Since Tuesday morning I've been unable to turn my head to the left. This has been problematic for a variety of reasons. Driving and checking blind spots is a bit more adventurous in this condition. I have to steel myself before I try to read my insulin pump that normally lives on my left hip. And you can be sure there isn't a lot of sexy time happening that involves anything other than my body remaining absolutely still, preferably propped up on heating pads and covered in menthol cream.
I was able to squeeze in a massage appointment with Laura at Changes City Spa downtown for this evening at 6:45pm. Rich suggested I go to the chiropractor in the meantime, but I wanted to hold out for Laura. I knew she could make it right or kill me trying.
I was in such a hurry for relief, I showed up a good 15 minutes early and asked her if I could just lie in the dark room contemplating the universe and hoping the pain would end soon. She asked if I had any problem areas and I told her everything from my ears to the bottoms of my shoulder blades was in the evil grip of some demon and she was the only hope of exorcising it. She rolled up her sleeves and got to work with the efficiency of a German nursemaid.
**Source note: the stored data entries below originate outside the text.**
(* There exists an Opt-Lyapunov function for $(X^{\rm in},T)$ if and only if there exist a function $W:\mathbb R^d\to[0,+\infty]$ and a function $\rho:[0,+\infty]\to[0,+\infty]$ such that: (i) $\sup_{x\in X^{\rm in}}W(x)$ is finite and strictly positive; (ii) $W(T(x))\le\rho(W(x))$ for all $x\in\mathbb R^d$; (iii) $\rho(x)=0\iff x=0$ and $\rho(x)=+\infty\iff x=+\infty$; (iv) the restriction of $\rho$ to $\mathbb R_+$ belongs to $\mathcal K$; (v) $\rho(x)<x$ for all $x\in(0,+\infty)$.
   Context: $X^{\rm in}\subseteq\mathbb R^d$, $T:\mathbb R^d\to\mathbb R^d$. $\mathcal K$: continuous strictly increasing $\alpha:\mathbb R_+\to\mathbb R_+$ with $\alpha(0)=0$. An Opt-Lyapunov function for $(X^{\rm in},T)$ is a function $V:\mathbb R^d\to[0,+\infty]$ such that $\sup_{x\in X^{\rm in}}V(x)\in(0,1]$ and there exists $\lambda\in(0,1)$ with $V(T(x))\le\lambda V(x)$ for all $x\in\mathbb R^d$ (convention $\lambda\cdot(+\infty)=+\infty$). *)

theory Defs
  imports "HOL-Analysis.Analysis" "HOL-Library.Extended_Nonnegative_Real"
begin

definition classK :: "(real \<Rightarrow> real) \<Rightarrow> bool" where
  "classK \<alpha> \<longleftrightarrow> continuous_on {0..} \<alpha> \<and> strict_mono_on {0..} \<alpha> \<and> \<alpha> 0 = 0
     \<and> (\<forall>x\<ge>0. \<alpha> x \<ge> 0)"

text \<open>Opt-Lyapunov function for (Xin, T); values in [0,+oo] are modelled by ennreal,
  and lambda * oo = oo for lambda > 0 holds in ennreal.\<close>

definition is_opt_lyapunov :: "('d \<Rightarrow> ennreal) \<Rightarrow> 'd set \<Rightarrow> ('d \<Rightarrow> 'd) \<Rightarrow> bool" where
  "is_opt_lyapunov V Xin T \<longleftrightarrow>
     (SUP x\<in>Xin. V x) \<in> {0<..1} \<and>
     (\<exists>l::real. 0 < l \<and> l < 1 \<and> (\<forall>x. V (T x) \<le> ennreal l * V x))"

end

theory Submission
  imports Defs
begin

text \<open>A linear contraction \<open>y \<mapsto> \<lambda> y\<close> turns an Opt-Lyapunov function into a pair \<open>(W, \<rho>)\<close>.
  Conversely, given \<open>(W, \<rho>)\<close>, let \<open>M\<close> be the supremum of \<open>W\<close> on \<open>X\<^sup>i\<^sup>n\<close>. Since \<open>\<rho> y \<le> y\<close> and
  \<open>\<rho>\<close> is monotone, the sublevel set \<open>A = {W \<le> \<rho> M}\<close> is forward invariant and contains
  \<open>T(X\<^sup>i\<^sup>n)\<close>, while \<open>\<rho> M < M\<close> means that \<open>X\<^sup>i\<^sup>n\<close> is not contained in \<open>A\<close>. For any such set
  \<open>A\<close>, the function \<open>V x = sup\<^sub>n 2\<^sup>n [T\<^sup>n x \<notin> A]\<close> is an Opt-Lyapunov function with
  \<open>\<lambda> = 1/2\<close>: it equals \<open>[x \<notin> A]\<close> on \<open>X\<^sup>i\<^sup>n\<close>, and shifting the orbit halves it.\<close>

definition comparison_function :: "(ennreal \<Rightarrow> ennreal) \<Rightarrow> bool" where
  "comparison_function \<rho> \<longleftrightarrow>
     (\<forall>y. \<rho> y = 0 \<longleftrightarrow> y = 0) \<and>
     (\<forall>y. \<rho> y = \<infinity> \<longleftrightarrow> y = \<infinity>) \<and>
     classK (\<lambda>t. enn2real (\<rho> (ennreal t))) \<and>
     (\<forall>y. 0 < y \<and> y < \<infinity> \<longrightarrow> \<rho> y < y)"

lemma classK_cong:
  assumes "\<And>t. 0 \<le> t \<Longrightarrow> f t = g t"
  shows "classK f \<longleftrightarrow> classK g"
  using assms continuous_on_cong[of "{0..}" "{0..}" f g]
  unfolding classK_def strict_mono_on_def by auto

lemma classK_scale:
  assumes "0 < l"
  shows "classK (\<lambda>t. l * t)"
  using assms unfolding classK_def strict_mono_on_def
  by (auto intro!: continuous_intros)

lemma ennreal_mult_less_self:
  fixes y :: ennreal
  assumes "l < 1" "0 < y" "y < \<infinity>"
  shows "ennreal l * y < y"
proof -
  obtain r where r: "y = ennreal r" "0 < r"
    using assms(2,3) by (cases y) auto
  show ?thesis
  proof (cases "0 \<le> l")
    case True
    then show ?thesis
      using assms(1) r by (simp add: ennreal_mult''[symmetric] ennreal_less_iff)
  qed (use r in \<open>simp add: ennreal_neg\<close>)
qed

lemma comparison_function_scale:
  assumes "0 < l" "l < 1"
  shows "comparison_function (\<lambda>y. ennreal l * y)"
proof -
  have "classK (\<lambda>t. enn2real (ennreal l * ennreal t))"
    using classK_scale[OF assms(1)] assms(1)
    by (subst classK_cong[where g = "\<lambda>t. l * t"]) (simp_all add: ennreal_mult''[symmetric])
  then show ?thesis
    using assms ennreal_mult_less_self[of l]
    unfolding comparison_function_def by (auto simp: ennreal_mult_eq_top_iff)
qed

lemma comparison_function_le:
  assumes "comparison_function \<rho>"
  shows "\<rho> y \<le> y"
proof -
  consider "y = 0" | "y = \<infinity>" | "0 < y" "y < \<infinity>"
    unfolding infinity_ennreal_def using less_top[of y] zero_less_iff_neq_zero[of y] by blast
  then show ?thesis
    using assms unfolding comparison_function_def by cases (auto intro: less_imp_le)
qed

lemma classK_ennreal_mono:
  assumes K: "classK (\<lambda>t. enn2real (\<rho> (ennreal t)))"
    and finite: "\<And>y. y < \<infinity> \<Longrightarrow> \<rho> y < \<infinity>"
    and "a \<le> b" "b < \<infinity>"
  shows "\<rho> a \<le> \<rho> b"
proof -
  have "a < \<infinity>"
    using assms(3,4) by (rule le_less_trans)
  then obtain ra rb where a: "a = ennreal ra" "0 \<le> ra" and b: "b = ennreal rb" "0 \<le> rb"
    using assms(4) unfolding infinity_ennreal_def less_top_ennreal by blast
  have "strict_mono_on {0..} (\<lambda>t. enn2real (\<rho> (ennreal t)))"
    using K unfolding classK_def by blast
  then have "enn2real (\<rho> (ennreal ra)) \<le> enn2real (\<rho> (ennreal rb))"
    by (rule strict_mono_on_leD) (use assms(3) a b in auto)
  then have "enn2real (\<rho> a) \<le> enn2real (\<rho> b)"
    using a b by simp
  moreover have "\<rho> a < top" "\<rho> b < top"
    using finite a b unfolding infinity_ennreal_def by simp_all
  ultimately show ?thesis
    by (metis ennreal_enn2real ennreal_leI)
qed

lemma comparison_function_mono:
  assumes "comparison_function \<rho>" "a \<le> b" "b < \<infinity>"
  shows "\<rho> a \<le> \<rho> b"
  using assms unfolding comparison_function_def
  by (intro classK_ennreal_mono[of \<rho>]) (auto simp: less_top[symmetric])

definition escape_weight :: "'a set \<Rightarrow> ('a \<Rightarrow> 'a) \<Rightarrow> 'a \<Rightarrow> ennreal" where
  "escape_weight A T x = (SUP n. 2 ^ n * indicator (- A) ((T ^^ n) x))"

lemma escape_weight_step:
  "escape_weight A T (T x) \<le> ennreal (1/2) * escape_weight A T x"
  unfolding escape_weight_def
proof (rule SUP_least)
  fix n
  have half: "ennreal (1/2) * 2 = 1"
    using ennreal_mult''[of 2 "1/2"] by simp
  have "2 ^ n * indicator (- A) ((T ^^ n) (T x))
      = ennreal (1/2) * (2 ^ Suc n * indicator (- A) ((T ^^ Suc n) x))"
    by (simp only: half power_Suc mult.assoc[symmetric] mult_1 funpow_Suc_right comp_apply)
  also have "\<dots> \<le> ennreal (1/2) * (SUP n. 2 ^ n * indicator (- A) ((T ^^ n) x))"
    by (intro mult_left_mono SUP_upper) auto
  finally show "2 ^ n * indicator (- A) ((T ^^ n) (T x))
      \<le> ennreal (1/2) * (SUP n. 2 ^ n * indicator (- A) ((T ^^ n) x))" .
qed

lemma funpow_in_invariant_set:
  assumes "T ` A \<subseteq> A" "x \<in> A"
  shows "(T ^^ n) x \<in> A"
  using assms by (induction n) auto

lemma escape_weight_eq_indicator:
  assumes "T ` A \<subseteq> A" "T x \<in> A"
  shows "escape_weight A T x = indicator (- A) x"
  unfolding escape_weight_def
proof (rule antisym)
  show "(SUP n. 2 ^ n * indicator (- A) ((T ^^ n) x)) \<le> (indicator (- A) x :: ennreal)"
  proof (rule SUP_least)
    fix n
    show "2 ^ n * indicator (- A) ((T ^^ n) x) \<le> (indicator (- A) x :: ennreal)"
    proof (cases n)
      case (Suc m)
      then have "(T ^^ n) x \<in> A"
        using funpow_in_invariant_set[OF assms] by (simp only: funpow_Suc_right comp_apply)
      then show ?thesis by simp
    qed simp
  qed
  show "indicator (- A) x \<le> (SUP n. 2 ^ n * indicator (- A) ((T ^^ n) x) :: ennreal)"
    using SUP_upper[of 0 UNIV "\<lambda>n. 2 ^ n * indicator (- A) ((T ^^ n) x) :: ennreal"] by simp
qed

lemma opt_lyapunov_of_invariant_set:
  assumes "T ` A \<subseteq> A" "T ` Xin \<subseteq> A" "\<not> Xin \<subseteq> A"
  shows "is_opt_lyapunov (escape_weight A T) Xin T"
proof -
  have on_Xin: "escape_weight A T x = indicator (- A) x" if "x \<in> Xin" for x
    using assms(1,2) that by (intro escape_weight_eq_indicator) auto
  obtain x0 where "x0 \<in> Xin" "x0 \<notin> A"
    using assms(3) by blast
  then have "(SUP x\<in>Xin. escape_weight A T x) = 1"
    using on_Xin by (intro antisym SUP_least) (auto simp: indicator_def intro!: SUP_upper2[of x0])
  then show ?thesis
    unfolding is_opt_lyapunov_def using escape_weight_step
    by (auto intro!: exI[of _ "1/2"])
qed

lemma opt_lyapunov_imp_comparison:
  assumes "is_opt_lyapunov V Xin T"
  obtains \<rho> where "(SUP x\<in>Xin. V x) \<noteq> \<infinity>" "(SUP x\<in>Xin. V x) > 0"
    "\<forall>x. V (T x) \<le> \<rho> (V x)" "comparison_function \<rho>"
proof -
  obtain l where "0 < l" "l < 1" "\<forall>x. V (T x) \<le> ennreal l * V x"
    and sup: "(SUP x\<in>Xin. V x) \<in> {0<..1}"
    using assms unfolding is_opt_lyapunov_def by blast
  moreover have "(SUP x\<in>Xin. V x) \<noteq> \<infinity>"
    using sup ennreal_one_less_top unfolding infinity_ennreal_def
    by (metis greaterThanAtMost_iff leD)
  ultimately show thesis
    using that comparison_function_scale by auto
qed

lemma opt_lyapunov_of_comparison:
  fixes W :: "'a \<Rightarrow> ennreal"
  assumes fin: "(SUP x\<in>Xin. W x) \<noteq> \<infinity>" and pos: "(SUP x\<in>Xin. W x) > 0"
    and step: "\<forall>x. W (T x) \<le> \<rho> (W x)" and \<rho>: "comparison_function \<rho>"
  shows "\<exists>V. is_opt_lyapunov V Xin T"
proof -
  define M where "M = (SUP x\<in>Xin. W x)"
  define A where "A = {y. W y \<le> \<rho> M}"
  have M_finite: "M < \<infinity>"
    using fin unfolding M_def infinity_ennreal_def less_top .
  have "W (T y) \<le> \<rho> M" if "W y \<le> \<rho> M" for y
    using step comparison_function_le[OF \<rho>, of "W y"] that by (blast intro: order_trans)
  then have invariant: "T ` A \<subseteq> A"
    unfolding A_def by auto
  have "W (T x) \<le> \<rho> M" if "x \<in> Xin" for x
  proof -
    have "W x \<le> M"
      unfolding M_def using that by (rule SUP_upper)
    then show ?thesis
      using step comparison_function_mono[OF \<rho> _ M_finite] by (blast intro: order_trans)
  qed
  then have image: "T ` Xin \<subseteq> A"
    unfolding A_def by auto
  have "\<rho> M < M"
    using \<rho> pos M_finite unfolding comparison_function_def M_def by blast
  then obtain x0 where "x0 \<in> Xin" "\<rho> M < W x0"
    unfolding M_def by (auto simp: less_SUP_iff)
  then have "\<not> Xin \<subseteq> A"
    unfolding A_def by auto
  then show ?thesis
    using opt_lyapunov_of_invariant_set[OF invariant image] by blast
qed

theorem mainTheorem15:
  fixes Xin :: "(real ^ 'd) set" and T :: "real ^ 'd \<Rightarrow> real ^ 'd"
  shows "(\<exists>V. is_opt_lyapunov V Xin T) \<longleftrightarrow>
    (\<exists>(W :: real ^ 'd \<Rightarrow> ennreal) (\<rho> :: ennreal \<Rightarrow> ennreal).
        (SUP x\<in>Xin. W x) \<noteq> \<infinity> \<and> (SUP x\<in>Xin. W x) > 0 \<and>
        (\<forall>x. W (T x) \<le> \<rho> (W x)) \<and>
        (\<forall>y. \<rho> y = 0 \<longleftrightarrow> y = 0) \<and>
        (\<forall>y. \<rho> y = \<infinity> \<longleftrightarrow> y = \<infinity>) \<and>
        classK (\<lambda>t. enn2real (\<rho> (ennreal t))) \<and>
        (\<forall>y. 0 < y \<and> y < \<infinity> \<longrightarrow> \<rho> y < y))"
  unfolding comparison_function_def[symmetric]
proof
  assume "\<exists>V. is_opt_lyapunov V Xin T"
  then show "\<exists>W \<rho>. (SUP x\<in>Xin. W x) \<noteq> \<infinity> \<and> (SUP x\<in>Xin. W x) > 0 \<and>
      (\<forall>x. W (T x) \<le> \<rho> (W x)) \<and> comparison_function \<rho>"
    by (metis opt_lyapunov_imp_comparison)
qed (blast intro: opt_lyapunov_of_comparison)

end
Laura is only about 5'4" tall or so but she is strong. She started out by digging her fingers into my shoulders and neck and soon flipped me over to work on my back. By halfway through the session, she had gone through four different lotions, an herbal wrap and two steaming hot towels dug into my flesh. She then got out the big guns. She started at my short ribs and pushed her forearm up my back until she got to my shoulder blade. She then switched to her heavily-lotioned elbow and proceeded to press her entire body weight into my back and shoulder until she would finally slip off of the knot at my neck like one might trip over a curb. During all of this I was dutifully doing my part to keep breathing and not throw up through the little head pillow ring on the table. After she did that twice and slipped off that same stubborn knot, she sighed into my ear "you're tough as nails." I was expecting a porn bass track to start.
Laura was frustrated she couldn't completely loosen my shoulder (I think she called it a bastard at one point), but we took solace that it was no longer a tightly bound hemp rope, but more of a loose nylon rope. She said I could get a follow up in a week if it was still bad where she would just work on that one spot. And just like a little kid who was so brave at the dentist, I rewarded myself with a follow up appointment in a month where hopefully it will be a little more relaxing and a little less Beyond Thunderdome. Wiping the sweat from her brow, Laura smiled and said the next session should be easier on both of us.
I just got out of a ridiculously hot shower where I had set the shower head to something that sounded more like a lawnmower than a gentle rainfall. Our shower goes to 11, apparently, and it was awesome. And I'm happy to report I can turn my head to both the right and left without cringing. I'm sure I'm going to feel like I was beaten with a wooden spoon by tomorrow, but Laura assures me that by Saturday I should be feeling much better.